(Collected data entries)
------------------------
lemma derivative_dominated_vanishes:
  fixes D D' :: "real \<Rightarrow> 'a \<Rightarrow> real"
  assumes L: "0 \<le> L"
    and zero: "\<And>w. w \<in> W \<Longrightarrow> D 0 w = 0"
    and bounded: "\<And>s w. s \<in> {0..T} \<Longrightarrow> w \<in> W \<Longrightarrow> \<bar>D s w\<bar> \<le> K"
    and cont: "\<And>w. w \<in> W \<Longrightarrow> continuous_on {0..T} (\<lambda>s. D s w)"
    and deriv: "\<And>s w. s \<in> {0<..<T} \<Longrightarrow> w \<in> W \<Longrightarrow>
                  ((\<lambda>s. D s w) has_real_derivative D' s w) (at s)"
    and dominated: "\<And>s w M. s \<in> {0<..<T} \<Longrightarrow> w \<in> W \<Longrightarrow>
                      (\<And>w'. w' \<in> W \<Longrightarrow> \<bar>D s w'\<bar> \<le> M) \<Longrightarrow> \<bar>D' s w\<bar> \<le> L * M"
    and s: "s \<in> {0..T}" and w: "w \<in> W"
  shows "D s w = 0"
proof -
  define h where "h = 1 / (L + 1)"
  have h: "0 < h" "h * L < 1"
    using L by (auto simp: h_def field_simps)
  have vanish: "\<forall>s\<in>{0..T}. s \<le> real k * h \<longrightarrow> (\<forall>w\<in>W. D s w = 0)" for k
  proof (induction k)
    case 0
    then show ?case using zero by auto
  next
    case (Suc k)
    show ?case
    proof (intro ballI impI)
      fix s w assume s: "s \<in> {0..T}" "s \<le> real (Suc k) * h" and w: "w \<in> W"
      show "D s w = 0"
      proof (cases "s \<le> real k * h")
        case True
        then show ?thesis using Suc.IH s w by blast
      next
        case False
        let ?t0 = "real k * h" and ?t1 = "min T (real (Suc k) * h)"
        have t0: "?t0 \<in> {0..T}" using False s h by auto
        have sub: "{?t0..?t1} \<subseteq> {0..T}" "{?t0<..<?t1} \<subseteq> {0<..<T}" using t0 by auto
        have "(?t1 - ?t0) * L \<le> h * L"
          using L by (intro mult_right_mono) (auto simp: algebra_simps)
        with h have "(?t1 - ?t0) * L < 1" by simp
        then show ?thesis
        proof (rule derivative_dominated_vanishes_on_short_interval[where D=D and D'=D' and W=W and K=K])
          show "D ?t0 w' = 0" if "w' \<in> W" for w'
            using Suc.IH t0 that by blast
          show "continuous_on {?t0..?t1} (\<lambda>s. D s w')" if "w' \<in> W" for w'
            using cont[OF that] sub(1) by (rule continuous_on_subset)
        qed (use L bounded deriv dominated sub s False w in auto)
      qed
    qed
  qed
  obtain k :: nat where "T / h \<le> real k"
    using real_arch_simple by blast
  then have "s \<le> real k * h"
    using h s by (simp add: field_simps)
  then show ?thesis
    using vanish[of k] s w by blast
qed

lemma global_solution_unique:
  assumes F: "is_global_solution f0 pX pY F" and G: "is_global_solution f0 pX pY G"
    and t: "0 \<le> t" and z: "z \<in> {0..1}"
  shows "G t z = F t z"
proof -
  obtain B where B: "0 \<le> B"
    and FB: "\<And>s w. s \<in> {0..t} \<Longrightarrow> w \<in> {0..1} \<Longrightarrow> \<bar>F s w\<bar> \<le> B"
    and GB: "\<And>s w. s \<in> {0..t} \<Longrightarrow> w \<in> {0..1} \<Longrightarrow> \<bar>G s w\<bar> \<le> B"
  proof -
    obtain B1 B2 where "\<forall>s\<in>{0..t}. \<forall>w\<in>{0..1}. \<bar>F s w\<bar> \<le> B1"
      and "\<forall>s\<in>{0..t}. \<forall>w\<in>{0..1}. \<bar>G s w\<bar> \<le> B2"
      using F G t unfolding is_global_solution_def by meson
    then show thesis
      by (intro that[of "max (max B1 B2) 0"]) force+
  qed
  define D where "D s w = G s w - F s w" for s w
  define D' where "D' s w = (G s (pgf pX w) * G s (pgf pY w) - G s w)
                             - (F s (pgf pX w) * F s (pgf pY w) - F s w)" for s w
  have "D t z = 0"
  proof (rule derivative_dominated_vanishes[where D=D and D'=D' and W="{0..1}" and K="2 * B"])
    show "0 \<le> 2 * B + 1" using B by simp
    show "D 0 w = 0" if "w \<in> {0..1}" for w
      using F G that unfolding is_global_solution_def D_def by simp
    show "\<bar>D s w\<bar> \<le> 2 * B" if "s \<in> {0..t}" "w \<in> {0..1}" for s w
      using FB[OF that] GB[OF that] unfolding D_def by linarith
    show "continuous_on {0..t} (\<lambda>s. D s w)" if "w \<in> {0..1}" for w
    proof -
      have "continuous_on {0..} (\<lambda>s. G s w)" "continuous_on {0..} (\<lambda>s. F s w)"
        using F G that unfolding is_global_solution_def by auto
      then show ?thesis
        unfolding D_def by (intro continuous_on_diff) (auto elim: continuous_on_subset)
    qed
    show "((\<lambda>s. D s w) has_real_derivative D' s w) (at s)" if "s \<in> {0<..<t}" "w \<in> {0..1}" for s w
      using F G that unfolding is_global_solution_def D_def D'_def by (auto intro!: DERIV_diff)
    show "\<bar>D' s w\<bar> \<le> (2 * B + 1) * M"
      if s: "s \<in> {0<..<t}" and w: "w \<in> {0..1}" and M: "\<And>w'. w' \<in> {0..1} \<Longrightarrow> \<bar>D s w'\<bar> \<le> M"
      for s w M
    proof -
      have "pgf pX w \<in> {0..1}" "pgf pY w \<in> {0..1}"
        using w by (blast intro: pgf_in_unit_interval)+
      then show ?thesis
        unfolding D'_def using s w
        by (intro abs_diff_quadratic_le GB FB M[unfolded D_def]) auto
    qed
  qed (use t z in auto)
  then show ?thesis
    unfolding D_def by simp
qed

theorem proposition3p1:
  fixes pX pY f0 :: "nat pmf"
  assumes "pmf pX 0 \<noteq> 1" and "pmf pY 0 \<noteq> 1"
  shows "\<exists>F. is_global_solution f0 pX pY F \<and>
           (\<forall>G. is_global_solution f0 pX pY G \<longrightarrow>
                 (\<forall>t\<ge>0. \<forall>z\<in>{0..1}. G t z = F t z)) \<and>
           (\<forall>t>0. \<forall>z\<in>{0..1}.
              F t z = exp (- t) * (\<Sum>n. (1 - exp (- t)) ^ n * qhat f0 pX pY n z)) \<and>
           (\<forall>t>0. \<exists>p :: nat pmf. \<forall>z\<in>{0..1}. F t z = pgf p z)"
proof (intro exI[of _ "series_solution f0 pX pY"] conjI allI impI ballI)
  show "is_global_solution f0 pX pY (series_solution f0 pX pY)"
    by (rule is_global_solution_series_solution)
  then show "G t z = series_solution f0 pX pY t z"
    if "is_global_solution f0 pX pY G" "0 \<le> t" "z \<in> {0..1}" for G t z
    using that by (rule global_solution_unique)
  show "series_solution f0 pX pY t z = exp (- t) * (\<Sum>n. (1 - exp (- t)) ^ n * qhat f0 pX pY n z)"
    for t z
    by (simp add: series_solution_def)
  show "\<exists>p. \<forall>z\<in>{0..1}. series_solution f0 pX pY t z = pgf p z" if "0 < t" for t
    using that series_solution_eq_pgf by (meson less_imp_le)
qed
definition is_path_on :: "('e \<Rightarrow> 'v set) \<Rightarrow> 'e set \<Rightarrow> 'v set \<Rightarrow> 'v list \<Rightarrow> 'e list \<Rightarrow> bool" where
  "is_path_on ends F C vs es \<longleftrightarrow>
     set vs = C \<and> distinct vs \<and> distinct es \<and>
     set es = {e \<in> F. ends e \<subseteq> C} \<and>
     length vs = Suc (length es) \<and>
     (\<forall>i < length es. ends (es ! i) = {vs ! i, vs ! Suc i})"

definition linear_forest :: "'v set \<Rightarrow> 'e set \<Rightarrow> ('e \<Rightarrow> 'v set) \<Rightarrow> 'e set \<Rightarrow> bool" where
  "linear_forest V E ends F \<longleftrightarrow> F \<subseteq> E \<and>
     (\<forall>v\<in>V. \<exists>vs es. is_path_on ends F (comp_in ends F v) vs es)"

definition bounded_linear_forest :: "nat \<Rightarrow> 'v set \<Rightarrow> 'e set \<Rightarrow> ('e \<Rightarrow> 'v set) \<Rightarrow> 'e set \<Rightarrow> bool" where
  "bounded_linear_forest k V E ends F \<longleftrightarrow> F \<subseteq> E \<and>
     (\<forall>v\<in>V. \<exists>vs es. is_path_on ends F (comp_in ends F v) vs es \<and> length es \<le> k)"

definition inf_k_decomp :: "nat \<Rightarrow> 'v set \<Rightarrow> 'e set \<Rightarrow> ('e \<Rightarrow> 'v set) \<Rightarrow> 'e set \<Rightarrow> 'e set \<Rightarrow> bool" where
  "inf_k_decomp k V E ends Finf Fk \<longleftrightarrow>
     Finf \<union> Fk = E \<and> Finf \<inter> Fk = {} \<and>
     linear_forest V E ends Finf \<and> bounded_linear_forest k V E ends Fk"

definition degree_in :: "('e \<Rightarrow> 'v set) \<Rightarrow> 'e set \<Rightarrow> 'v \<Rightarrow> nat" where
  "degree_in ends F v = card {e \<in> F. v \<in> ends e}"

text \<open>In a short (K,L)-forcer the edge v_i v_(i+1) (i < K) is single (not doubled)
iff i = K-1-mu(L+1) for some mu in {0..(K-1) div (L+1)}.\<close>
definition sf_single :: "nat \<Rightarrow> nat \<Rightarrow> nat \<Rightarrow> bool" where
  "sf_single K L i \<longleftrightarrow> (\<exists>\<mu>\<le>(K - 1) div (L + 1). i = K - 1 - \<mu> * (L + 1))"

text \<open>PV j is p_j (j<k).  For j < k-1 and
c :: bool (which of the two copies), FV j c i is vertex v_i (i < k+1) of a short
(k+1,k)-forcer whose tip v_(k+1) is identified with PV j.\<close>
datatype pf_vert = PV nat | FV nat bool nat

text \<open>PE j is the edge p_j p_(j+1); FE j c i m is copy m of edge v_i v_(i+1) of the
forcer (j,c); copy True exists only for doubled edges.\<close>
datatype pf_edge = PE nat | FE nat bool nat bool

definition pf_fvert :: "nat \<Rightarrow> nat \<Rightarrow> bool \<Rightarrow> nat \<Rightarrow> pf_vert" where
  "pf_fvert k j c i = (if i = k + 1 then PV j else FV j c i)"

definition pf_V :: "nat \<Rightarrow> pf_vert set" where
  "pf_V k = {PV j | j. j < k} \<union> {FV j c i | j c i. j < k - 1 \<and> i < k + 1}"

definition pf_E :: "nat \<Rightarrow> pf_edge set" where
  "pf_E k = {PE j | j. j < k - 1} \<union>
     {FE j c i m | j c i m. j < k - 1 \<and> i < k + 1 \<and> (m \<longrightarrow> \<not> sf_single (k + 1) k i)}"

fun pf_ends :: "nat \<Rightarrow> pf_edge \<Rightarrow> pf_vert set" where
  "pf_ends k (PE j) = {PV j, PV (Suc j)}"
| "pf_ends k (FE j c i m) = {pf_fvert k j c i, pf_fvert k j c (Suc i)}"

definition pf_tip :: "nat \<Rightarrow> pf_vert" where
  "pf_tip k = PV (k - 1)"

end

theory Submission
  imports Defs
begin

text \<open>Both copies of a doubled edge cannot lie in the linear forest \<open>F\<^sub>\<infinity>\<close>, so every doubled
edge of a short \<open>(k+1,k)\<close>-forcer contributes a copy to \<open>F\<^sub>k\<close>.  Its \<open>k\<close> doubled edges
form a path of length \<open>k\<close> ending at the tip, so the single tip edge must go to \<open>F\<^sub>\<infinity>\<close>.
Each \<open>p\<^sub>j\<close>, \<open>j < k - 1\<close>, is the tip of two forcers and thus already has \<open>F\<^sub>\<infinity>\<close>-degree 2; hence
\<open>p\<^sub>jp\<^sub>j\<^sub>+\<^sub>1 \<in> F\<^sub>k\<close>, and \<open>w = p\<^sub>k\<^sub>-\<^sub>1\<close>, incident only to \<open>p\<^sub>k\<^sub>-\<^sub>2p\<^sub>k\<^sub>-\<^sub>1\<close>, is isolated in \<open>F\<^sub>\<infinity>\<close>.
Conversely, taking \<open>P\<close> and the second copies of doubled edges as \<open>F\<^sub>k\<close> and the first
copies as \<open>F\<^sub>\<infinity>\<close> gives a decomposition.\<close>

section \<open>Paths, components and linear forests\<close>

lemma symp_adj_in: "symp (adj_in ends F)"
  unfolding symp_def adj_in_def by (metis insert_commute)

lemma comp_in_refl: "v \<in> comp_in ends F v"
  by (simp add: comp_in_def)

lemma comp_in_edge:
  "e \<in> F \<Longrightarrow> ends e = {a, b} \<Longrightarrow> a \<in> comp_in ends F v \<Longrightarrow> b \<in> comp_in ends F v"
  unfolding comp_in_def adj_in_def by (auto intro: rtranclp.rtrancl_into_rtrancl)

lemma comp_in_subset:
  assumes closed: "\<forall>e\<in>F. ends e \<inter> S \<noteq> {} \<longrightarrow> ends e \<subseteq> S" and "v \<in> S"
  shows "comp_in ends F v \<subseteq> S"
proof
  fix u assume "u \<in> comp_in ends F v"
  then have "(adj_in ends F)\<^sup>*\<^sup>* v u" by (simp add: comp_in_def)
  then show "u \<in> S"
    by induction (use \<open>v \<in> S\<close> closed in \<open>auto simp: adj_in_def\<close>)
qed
------------------------
Exercise ::
Beginning with the line that contains "text \<open>Both copies", quote each line exactly through the last line of the entries above, and nothing beyond them.

Task result ::
text \<open>Both copies of a doubled edge cannot lie in the linear forest \<open>F\<^sub>\<infinity>\<close>, so every doubled
edge of a short \<open>(k+1,k)\<close>-forcer contributes a copy to \<open>F\<^sub>k\<close>.  Its \<open>k\<close> doubled edges
form a path of length \<open>k\<close> ending at the tip, so the single tip edge must go to \<open>F\<^sub>\<infinity>\<close>.
Each \<open>p\<^sub>j\<close>, \<open>j < k - 1\<close>, is the tip of two forcers and thus already has \<open>F\<^sub>\<infinity>\<close>-degree 2; hence
\<open>p\<^sub>jp\<^sub>j\<^sub>+\<^sub>1 \<in> F\<^sub>k\<close>, and \<open>w = p\<^sub>k\<^sub>-\<^sub>1\<close>, incident only to \<open>p\<^sub>k\<^sub>-\<^sub>2p\<^sub>k\<^sub>-\<^sub>1\<close>, is isolated in \<open>F\<^sub>\<infinity>\<close>.
Conversely, taking \<open>P\<close> and the second copies of doubled edges as \<open>F\<^sub>k\<close> and the first
copies as \<open>F\<^sub>\<infinity>\<close> gives a decomposition.\<close>

section \<open>Paths, components and linear forests\<close>

lemma symp_adj_in: "symp (adj_in ends F)"
  unfolding symp_def adj_in_def by (metis insert_commute)

lemma comp_in_refl: "v \<in> comp_in ends F v"
  by (simp add: comp_in_def)

lemma comp_in_edge:
  "e \<in> F \<Longrightarrow> ends e = {a, b} \<Longrightarrow> a \<in> comp_in ends F v \<Longrightarrow> b \<in> comp_in ends F v"
  unfolding comp_in_def adj_in_def by (auto intro: rtranclp.rtrancl_into_rtrancl)

lemma comp_in_subset:
  assumes closed: "\<forall>e\<in>F. ends e \<inter> S \<noteq> {} \<longrightarrow> ends e \<subseteq> S" and "v \<in> S"
  shows "comp_in ends F v \<subseteq> S"
proof
  fix u assume "u \<in> comp_in ends F v"
  then have "(adj_in ends F)\<^sup>*\<^sup>* v u" by (simp add: comp_in_def)
  then show "u \<in> S"
    by induction (use \<open>v \<in> S\<close> closed in \<open>auto simp: adj_in_def\<close>)
qed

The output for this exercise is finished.